Saved data entries

(* Assume the genus expansion hypothesis (H$_G$). Let $\alpha\in U$ and $\xi>0$, and set $\gamma=\alpha^{\nu-1}/\xi$. Then for every integer $m\ge0$ there is a constant $K_{5,m}(\alpha,\gamma)$ such that, for all sufficiently large $n$, $$\Big|x_{n,\frac n\alpha,\frac{n^{\nu-1}}{\xi}}-\alpha\sum_{g=0}^m\frac{Z_g(\gamma n^{\nu-1})}{n^{2g}}\Big|<\frac{K_{5,m}(\alpha,\gamma)}{n^{2m+2+\frac{\nu-1}{\nu}}}.$$
   Context: Fix an integer $\nu\ge2$. For $N,r>0$ let $w_{N,r}(\lambda)=\exp[-N(\lambda^2/2+r\lambda^{2\nu}/(2\nu))]$, and let $x_{n,N,r}=b_n^2$ be the recurrence coefficients of the monic orthogonal polynomials: $\lambda\pi_n=\pi_{n+1}+b_n^2\pi_{n-1}$. Let $c_\nu=\binom{2\nu-1}{\nu-1}$. For $y\ge0$ let $Z_0(y)$ be the unique root in $(0,1]$ of $1=Z+c_\nu yZ^\nu$. For $g\ge1$ set $$Z_g(y)=\frac{Z_0(y)(Z_0(y)-1)P_{3g-2,\nu}(Z_0(y))}{(\nu-(\nu-1)Z_0(y))^{5g-1}},$$ where the $P_{3g-2,\nu}$ are fixed real polynomials of degree $3g-2$ (these are the generating functions for $2\nu$-valent 2-legged genus-$g$ maps). For fixed $\gamma>0$, $Z_g(\gamma n^{\nu-1})$ has a convergent expansion $\sum_{i\ge\nu-1}a_{i,g,\nu}(\gamma)n^{-i/\nu}$ for large $n$; in particular $Z_g(\gamma n^{\nu-1})=O(n^{-(\nu-1)/\nu})$. Hypothesis (H$_G$), the genus expansion: there is a neighborhood $U$ of $1$ such that for each $\alpha\in U$ and each integer $m\ge0$ there exist $K_{1,m}(\alpha)$ and $n_0$ such that, for all $n\ge n_0$ and all $r>0$, $$\Big|x_{n,n/\alpha,r}-\alpha\sum_{g=0}^m\frac{Z_g(\alpha^{\nu-1}r)}{n^{2g}}\Big|<\frac{K_{1,m}(\alpha)}{n^{2m+2}}.$$ *)

theory Defs
  imports "HOL-Analysis.Analysis" "HOL-Computational_Algebra.Polynomial"
begin

definition weight :: "nat \<Rightarrow> real \<Rightarrow> real \<Rightarrow> real \<Rightarrow> real" where
  "weight \<nu> N r t = exp (- N * (t^2 / 2 + r * t^(2*\<nu>) / (2 * real \<nu>)))"

definition monic_OPs :: "(real \<Rightarrow> real) \<Rightarrow> (nat \<Rightarrow> real poly) \<Rightarrow> bool" where
  "monic_OPs w \<pi> \<longleftrightarrow>
     (\<forall>n. degree (\<pi> n) = n \<and> lead_coeff (\<pi> n) = 1 \<and>
        (\<forall>m<n. integrable lborel (\<lambda>t. poly (\<pi> n) t * poly (\<pi> m) t * w t) \<and>
               integral\<^sup>L lborel (\<lambda>t. poly (\<pi> n) t * poly (\<pi> m) t * w t) = 0))"

text \<open>Recurrence coefficient b_n^2 (n \<ge> 1): lambda pi_n = pi_{n+1} + b_n^2 pi_{n-1}.\<close>
definition rec_coeff :: "(real \<Rightarrow> real) \<Rightarrow> nat \<Rightarrow> real" where
  "rec_coeff w n = (THE b. \<forall>\<pi>. monic_OPs w \<pi> \<longrightarrow>
       [:0, 1:] * \<pi> n = \<pi> (Suc n) + smult b (\<pi> (n - 1)))"

definition xrec :: "nat \<Rightarrow> nat \<Rightarrow> real \<Rightarrow> real \<Rightarrow> real" where
  "xrec \<nu> n N r = rec_coeff (weight \<nu> N r) n"

definition c_nu :: "nat \<Rightarrow> real" where
  "c_nu \<nu> = real ((2*\<nu> - 1) choose (\<nu> - 1))"

definition Z0 :: "nat \<Rightarrow> real \<Rightarrow> real" where
  "Z0 \<nu> y = (THE z. 0 < z \<and> z \<le> 1 \<and> 1 = z + c_nu \<nu> * y * z^\<nu>)"

text \<open>Z_g, parametrised by the family of polynomials P g = P_{3g-2,nu}.\<close>
definition Zg :: "nat \<Rightarrow> (nat \<Rightarrow> real poly) \<Rightarrow> nat \<Rightarrow> real \<Rightarrow> real" where
  "Zg \<nu> P g y = (if g = 0 then Z0 \<nu> y else
     Z0 \<nu> y * (Z0 \<nu> y - 1) * poly (P g) (Z0 \<nu> y) /
       (real \<nu> - (real \<nu> - 1) * Z0 \<nu> y) ^ (5*g - 1))"

definition HG :: "nat \<Rightarrow> (nat \<Rightarrow> real poly) \<Rightarrow> real set \<Rightarrow> bool" where
  "HG \<nu> P U \<longleftrightarrow>
     (\<forall>\<alpha>\<in>U. \<forall>m::nat. \<exists>K n0. \<forall>n::nat\<ge>n0. \<forall>r>0.
        \<bar>xrec \<nu> n (real n / \<alpha>) r - \<alpha> * (\<Sum>g\<le>m. Zg \<nu> P g (\<alpha>^(\<nu>-1) * r) / real n ^ (2*g))\<bar>
          < K / real n ^ (2*m+2))"

end

theory Submission
  imports Defs
begin

text \<open>Apply (H_G) one order higher, along the curve r = n^(\<nu>-1)/\<xi>. The error of the truncated
  expansion is then the H_G remainder, of order n^(-2m-4), plus the dropped term
  \<alpha> Z_(m+1)(\<gamma> n^(\<nu>-1)) / n^(2m+2). Since \<nu> - (\<nu>-1) Z_0 \<ge> 1 and 0 < Z_0 \<le> 1, each Z_g with
  g \<ge> 1 is O(Z_0), and the defining equation 1 = Z_0 + c_\<nu> y Z_0^\<nu> gives Z_0(y) \<le> (c_\<nu> y)^(-1/\<nu>),
  which at y = \<gamma> n^(\<nu>-1) is O(n^(-(\<nu>-1)/\<nu>)).\<close>

lemma c_nu_pos: "\<nu> \<ge> 1 \<Longrightarrow> c_nu \<nu> > 0"
  unfolding c_nu_def by simp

Aim of the exercise | Write out each line above that contains the word "longleftrightarrow".

Task response |
  "monic_OPs w \<pi> \<longleftrightarrow>
  "HG \<nu> P U \<longleftrightarrow>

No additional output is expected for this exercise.